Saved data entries
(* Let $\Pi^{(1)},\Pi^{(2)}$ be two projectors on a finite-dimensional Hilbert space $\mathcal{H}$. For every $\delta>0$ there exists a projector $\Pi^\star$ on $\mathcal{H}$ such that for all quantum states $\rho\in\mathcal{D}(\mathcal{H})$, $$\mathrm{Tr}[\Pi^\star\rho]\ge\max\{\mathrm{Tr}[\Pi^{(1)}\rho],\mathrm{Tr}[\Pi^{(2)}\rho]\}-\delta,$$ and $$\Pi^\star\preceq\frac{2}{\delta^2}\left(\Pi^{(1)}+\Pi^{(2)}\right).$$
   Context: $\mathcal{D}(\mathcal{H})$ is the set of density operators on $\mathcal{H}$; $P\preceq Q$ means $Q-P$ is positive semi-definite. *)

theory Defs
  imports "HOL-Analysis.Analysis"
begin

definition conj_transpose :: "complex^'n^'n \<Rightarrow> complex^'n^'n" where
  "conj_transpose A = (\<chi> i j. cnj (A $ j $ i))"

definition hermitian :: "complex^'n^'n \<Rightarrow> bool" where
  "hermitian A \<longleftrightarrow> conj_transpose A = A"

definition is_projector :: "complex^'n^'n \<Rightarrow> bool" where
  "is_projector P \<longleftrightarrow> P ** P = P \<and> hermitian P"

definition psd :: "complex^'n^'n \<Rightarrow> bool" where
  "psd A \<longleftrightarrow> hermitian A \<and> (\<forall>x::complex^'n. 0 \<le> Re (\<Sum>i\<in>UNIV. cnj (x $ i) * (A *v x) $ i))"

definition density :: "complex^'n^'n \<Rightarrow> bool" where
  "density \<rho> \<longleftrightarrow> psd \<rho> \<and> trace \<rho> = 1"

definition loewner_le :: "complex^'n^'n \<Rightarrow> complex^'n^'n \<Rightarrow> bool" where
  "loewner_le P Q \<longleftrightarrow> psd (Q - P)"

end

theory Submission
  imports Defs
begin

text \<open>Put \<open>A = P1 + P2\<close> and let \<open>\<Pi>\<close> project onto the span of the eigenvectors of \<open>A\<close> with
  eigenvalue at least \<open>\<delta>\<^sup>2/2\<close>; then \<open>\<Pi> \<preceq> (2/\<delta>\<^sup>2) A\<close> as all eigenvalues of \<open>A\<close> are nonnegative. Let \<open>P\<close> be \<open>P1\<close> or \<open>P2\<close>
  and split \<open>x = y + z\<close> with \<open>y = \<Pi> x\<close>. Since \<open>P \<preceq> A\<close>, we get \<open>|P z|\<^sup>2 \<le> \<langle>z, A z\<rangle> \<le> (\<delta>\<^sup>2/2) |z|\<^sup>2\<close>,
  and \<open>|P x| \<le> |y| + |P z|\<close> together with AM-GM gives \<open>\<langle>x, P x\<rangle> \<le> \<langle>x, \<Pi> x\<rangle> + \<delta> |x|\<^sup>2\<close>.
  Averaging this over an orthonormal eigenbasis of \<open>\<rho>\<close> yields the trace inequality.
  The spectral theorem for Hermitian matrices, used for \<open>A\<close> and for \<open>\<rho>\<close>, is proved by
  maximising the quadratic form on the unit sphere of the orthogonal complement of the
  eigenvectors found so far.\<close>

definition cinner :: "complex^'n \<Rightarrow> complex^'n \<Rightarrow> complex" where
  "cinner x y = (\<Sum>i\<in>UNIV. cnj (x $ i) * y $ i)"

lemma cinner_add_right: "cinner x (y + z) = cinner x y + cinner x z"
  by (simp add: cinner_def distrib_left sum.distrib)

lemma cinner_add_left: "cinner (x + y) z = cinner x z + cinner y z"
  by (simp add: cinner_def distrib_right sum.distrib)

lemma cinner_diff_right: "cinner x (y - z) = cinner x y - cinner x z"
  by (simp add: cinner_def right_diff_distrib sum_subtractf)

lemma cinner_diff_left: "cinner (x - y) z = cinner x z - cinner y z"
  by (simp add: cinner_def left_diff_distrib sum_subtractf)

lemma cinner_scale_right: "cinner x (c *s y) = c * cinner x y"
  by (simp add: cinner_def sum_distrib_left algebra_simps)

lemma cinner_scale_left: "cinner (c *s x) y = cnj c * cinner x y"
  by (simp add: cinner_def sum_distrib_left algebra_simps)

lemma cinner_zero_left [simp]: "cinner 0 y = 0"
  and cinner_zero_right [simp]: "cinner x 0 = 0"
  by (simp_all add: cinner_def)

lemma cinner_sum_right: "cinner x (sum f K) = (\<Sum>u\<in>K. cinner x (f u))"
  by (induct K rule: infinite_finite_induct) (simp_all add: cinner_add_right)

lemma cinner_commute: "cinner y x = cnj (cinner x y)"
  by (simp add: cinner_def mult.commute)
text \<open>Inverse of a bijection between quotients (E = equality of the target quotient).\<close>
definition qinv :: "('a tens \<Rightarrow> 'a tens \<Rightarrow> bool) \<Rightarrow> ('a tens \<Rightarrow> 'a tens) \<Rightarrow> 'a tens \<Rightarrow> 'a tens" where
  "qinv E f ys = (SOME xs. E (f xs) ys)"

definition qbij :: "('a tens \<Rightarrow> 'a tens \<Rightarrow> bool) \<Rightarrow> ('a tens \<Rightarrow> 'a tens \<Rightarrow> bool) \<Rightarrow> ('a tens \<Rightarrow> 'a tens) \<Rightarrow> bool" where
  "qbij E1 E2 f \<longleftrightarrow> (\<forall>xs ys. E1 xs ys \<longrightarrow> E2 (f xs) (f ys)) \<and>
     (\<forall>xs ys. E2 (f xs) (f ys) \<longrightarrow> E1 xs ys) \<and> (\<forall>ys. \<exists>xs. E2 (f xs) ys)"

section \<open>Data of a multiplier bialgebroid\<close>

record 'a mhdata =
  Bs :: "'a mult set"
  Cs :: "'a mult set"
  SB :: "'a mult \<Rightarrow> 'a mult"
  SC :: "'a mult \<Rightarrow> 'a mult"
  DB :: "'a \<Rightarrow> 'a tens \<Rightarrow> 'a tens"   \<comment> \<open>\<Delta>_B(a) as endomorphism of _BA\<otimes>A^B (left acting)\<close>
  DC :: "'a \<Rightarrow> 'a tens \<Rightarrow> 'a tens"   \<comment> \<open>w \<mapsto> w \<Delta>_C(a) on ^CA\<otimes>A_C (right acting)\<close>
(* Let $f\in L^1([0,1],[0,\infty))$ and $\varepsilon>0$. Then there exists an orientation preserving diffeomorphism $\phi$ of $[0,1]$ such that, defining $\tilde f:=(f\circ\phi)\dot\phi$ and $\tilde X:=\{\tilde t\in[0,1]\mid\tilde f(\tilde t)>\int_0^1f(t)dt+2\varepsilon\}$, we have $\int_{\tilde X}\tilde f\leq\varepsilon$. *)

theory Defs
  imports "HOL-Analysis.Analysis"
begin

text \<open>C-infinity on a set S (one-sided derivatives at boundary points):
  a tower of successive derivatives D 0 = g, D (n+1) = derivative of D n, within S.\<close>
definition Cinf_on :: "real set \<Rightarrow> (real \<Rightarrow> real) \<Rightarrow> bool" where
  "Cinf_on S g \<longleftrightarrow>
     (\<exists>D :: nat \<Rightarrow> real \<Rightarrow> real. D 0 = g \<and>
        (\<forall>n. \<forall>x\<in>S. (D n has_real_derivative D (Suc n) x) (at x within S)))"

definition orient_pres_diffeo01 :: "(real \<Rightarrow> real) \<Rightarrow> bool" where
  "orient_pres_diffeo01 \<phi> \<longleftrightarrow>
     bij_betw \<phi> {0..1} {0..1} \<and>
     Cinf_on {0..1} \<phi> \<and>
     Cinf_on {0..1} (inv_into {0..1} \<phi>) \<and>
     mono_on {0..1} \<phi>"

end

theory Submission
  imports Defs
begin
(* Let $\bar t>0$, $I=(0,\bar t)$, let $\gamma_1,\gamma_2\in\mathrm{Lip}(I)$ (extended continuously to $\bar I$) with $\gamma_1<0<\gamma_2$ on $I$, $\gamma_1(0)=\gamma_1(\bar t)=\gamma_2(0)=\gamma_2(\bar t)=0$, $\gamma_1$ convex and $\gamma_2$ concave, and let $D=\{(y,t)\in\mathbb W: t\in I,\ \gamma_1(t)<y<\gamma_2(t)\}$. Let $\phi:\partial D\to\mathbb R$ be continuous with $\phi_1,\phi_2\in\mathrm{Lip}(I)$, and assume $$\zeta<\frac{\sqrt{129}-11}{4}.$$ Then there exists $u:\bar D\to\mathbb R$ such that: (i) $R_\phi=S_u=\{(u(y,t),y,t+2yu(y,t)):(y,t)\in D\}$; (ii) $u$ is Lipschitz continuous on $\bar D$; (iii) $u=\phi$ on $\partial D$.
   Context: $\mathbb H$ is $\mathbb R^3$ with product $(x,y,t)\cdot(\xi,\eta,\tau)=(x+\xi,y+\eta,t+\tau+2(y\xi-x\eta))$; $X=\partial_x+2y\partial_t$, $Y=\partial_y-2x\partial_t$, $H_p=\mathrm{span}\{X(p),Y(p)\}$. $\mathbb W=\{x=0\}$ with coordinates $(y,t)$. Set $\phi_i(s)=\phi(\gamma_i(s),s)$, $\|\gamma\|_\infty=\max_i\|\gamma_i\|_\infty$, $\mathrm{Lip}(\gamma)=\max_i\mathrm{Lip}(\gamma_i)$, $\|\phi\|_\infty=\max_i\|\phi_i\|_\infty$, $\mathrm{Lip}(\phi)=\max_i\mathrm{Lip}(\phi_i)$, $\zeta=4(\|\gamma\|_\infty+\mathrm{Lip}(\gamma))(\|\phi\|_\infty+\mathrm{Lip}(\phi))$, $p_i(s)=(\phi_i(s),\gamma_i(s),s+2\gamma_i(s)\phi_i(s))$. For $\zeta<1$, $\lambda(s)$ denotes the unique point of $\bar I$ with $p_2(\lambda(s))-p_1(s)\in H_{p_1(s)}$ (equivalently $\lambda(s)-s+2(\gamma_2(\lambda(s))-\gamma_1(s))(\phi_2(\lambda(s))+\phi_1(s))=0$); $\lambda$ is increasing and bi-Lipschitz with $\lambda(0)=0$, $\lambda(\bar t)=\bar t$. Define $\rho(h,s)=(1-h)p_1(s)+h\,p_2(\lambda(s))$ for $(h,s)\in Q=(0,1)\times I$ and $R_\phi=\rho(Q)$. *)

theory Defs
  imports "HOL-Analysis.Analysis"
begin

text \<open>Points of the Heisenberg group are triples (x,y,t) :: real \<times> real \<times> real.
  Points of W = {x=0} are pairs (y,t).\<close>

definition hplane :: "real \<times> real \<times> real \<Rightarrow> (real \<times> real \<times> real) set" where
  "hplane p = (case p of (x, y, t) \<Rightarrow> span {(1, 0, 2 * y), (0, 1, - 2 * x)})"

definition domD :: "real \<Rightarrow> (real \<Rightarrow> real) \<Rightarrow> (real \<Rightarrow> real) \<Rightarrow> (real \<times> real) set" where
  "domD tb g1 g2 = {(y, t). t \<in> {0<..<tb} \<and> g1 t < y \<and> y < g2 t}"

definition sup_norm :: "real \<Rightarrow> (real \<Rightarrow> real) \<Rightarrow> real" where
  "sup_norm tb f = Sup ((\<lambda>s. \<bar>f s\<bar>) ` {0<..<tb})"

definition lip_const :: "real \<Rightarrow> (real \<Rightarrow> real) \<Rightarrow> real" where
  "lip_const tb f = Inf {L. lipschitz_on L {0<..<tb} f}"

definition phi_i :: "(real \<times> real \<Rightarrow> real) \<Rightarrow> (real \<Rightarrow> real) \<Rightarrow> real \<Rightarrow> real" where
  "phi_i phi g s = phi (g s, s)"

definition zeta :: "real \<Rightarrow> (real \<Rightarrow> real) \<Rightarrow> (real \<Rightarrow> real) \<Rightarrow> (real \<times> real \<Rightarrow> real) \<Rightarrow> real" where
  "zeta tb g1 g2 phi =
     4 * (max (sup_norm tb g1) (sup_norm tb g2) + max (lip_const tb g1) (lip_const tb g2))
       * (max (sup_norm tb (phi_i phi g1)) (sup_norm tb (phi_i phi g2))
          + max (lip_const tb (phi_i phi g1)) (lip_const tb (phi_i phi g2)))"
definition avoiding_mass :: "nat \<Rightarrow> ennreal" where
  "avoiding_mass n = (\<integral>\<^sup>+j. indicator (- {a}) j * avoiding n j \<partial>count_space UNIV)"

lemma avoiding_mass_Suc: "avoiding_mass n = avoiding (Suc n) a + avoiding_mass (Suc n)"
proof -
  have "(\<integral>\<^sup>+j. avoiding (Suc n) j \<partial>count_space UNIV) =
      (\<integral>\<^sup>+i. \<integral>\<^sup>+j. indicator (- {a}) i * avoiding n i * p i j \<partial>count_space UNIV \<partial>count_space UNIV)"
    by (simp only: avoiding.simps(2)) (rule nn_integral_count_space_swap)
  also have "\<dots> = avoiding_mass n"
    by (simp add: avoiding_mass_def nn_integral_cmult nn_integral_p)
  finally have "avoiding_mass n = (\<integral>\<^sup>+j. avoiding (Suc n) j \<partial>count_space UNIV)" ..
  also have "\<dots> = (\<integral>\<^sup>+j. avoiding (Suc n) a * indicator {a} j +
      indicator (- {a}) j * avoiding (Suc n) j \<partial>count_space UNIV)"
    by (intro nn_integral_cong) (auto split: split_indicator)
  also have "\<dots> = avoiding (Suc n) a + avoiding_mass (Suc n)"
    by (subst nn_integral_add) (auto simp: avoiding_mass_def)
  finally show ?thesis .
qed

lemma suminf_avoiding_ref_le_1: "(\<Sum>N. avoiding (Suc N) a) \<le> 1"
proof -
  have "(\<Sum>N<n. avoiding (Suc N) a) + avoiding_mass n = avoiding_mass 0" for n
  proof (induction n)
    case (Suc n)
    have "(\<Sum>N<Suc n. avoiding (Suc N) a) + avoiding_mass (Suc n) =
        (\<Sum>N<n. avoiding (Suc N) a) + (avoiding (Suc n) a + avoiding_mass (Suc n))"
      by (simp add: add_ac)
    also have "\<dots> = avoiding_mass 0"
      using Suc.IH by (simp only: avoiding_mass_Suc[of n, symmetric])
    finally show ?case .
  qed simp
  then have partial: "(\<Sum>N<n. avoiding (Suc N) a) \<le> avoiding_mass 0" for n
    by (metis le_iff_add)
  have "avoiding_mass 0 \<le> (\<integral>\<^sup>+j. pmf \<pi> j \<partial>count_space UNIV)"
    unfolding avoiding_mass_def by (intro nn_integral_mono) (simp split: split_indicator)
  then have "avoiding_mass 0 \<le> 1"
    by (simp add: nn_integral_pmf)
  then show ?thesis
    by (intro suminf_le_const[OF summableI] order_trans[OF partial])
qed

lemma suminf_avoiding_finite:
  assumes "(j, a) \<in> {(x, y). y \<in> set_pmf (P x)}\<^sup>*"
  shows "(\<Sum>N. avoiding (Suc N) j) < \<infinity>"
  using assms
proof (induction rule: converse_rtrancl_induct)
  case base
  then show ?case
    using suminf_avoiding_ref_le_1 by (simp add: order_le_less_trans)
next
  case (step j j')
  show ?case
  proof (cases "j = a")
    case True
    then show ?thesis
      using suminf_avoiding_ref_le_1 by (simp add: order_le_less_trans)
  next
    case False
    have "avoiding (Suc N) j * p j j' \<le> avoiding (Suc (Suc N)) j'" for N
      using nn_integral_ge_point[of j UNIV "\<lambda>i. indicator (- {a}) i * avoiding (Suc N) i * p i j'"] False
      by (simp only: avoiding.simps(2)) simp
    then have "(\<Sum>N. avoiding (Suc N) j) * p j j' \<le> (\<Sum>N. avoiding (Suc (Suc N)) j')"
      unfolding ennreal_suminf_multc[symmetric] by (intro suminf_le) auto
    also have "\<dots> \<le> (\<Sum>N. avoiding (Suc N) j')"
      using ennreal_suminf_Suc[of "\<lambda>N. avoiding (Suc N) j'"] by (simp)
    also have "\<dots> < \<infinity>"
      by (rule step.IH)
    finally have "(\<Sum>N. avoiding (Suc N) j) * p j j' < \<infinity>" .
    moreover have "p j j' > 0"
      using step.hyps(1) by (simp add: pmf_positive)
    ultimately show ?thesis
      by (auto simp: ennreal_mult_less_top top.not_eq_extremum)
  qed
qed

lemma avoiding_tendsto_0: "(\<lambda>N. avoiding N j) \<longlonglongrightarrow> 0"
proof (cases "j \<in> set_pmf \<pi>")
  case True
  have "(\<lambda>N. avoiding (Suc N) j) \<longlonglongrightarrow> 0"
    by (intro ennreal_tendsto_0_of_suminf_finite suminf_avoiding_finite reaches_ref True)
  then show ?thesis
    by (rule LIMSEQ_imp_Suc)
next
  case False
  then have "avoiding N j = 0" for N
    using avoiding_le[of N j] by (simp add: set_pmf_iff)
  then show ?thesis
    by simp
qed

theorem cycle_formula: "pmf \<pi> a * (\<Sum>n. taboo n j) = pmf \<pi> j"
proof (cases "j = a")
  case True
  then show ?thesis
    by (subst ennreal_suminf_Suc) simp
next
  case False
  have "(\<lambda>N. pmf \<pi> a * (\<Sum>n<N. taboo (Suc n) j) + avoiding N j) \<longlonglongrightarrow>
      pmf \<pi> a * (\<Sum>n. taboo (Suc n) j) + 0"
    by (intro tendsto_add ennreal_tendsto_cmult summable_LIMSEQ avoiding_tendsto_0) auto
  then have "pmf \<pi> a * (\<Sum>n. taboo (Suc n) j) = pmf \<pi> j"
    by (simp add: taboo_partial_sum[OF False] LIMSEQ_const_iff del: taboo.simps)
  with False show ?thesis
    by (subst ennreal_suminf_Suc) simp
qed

# Task objective:
Reproduce, character for character, only the lines of the preceding data that start at the line with "psd \<rho> \<and>" and end at the line with "The spectral theorem", both included.

# Response below:
  "density \<rho> \<longleftrightarrow> psd \<rho> \<and> trace \<rho> = 1"

definition loewner_le :: "complex^'n^'n \<Rightarrow> complex^'n^'n \<Rightarrow> bool" where
  "loewner_le P Q \<longleftrightarrow> psd (Q - P)"

end

theory Submission
  imports Defs
begin

text \<open>Put \<open>A = P1 + P2\<close> and let \<open>\<Pi>\<close> project onto the span of the eigenvectors of \<open>A\<close> with
  eigenvalue at least \<open>\<delta>\<^sup>2/2\<close>; then \<open>\<Pi> \<preceq> (2/\<delta>\<^sup>2) A\<close> as all eigenvalues of \<open>A\<close> are nonnegative. Let \<open>P\<close> be \<open>P1\<close> or \<open>P2\<close>
  and split \<open>x = y + z\<close> with \<open>y = \<Pi> x\<close>. Since \<open>P \<preceq> A\<close>, we get \<open>|P z|\<^sup>2 \<le> \<langle>z, A z\<rangle> \<le> (\<delta>\<^sup>2/2) |z|\<^sup>2\<close>,
  and \<open>|P x| \<le> |y| + |P z|\<close> together with AM-GM gives \<open>\<langle>x, P x\<rangle> \<le> \<langle>x, \<Pi> x\<rangle> + \<delta> |x|\<^sup>2\<close>.
  Averaging this over an orthonormal eigenbasis of \<open>\<rho>\<close> yields the trace inequality.
  The spectral theorem for Hermitian matrices, used for \<open>A\<close> and for \<open>\<rho>\<close>, is proved by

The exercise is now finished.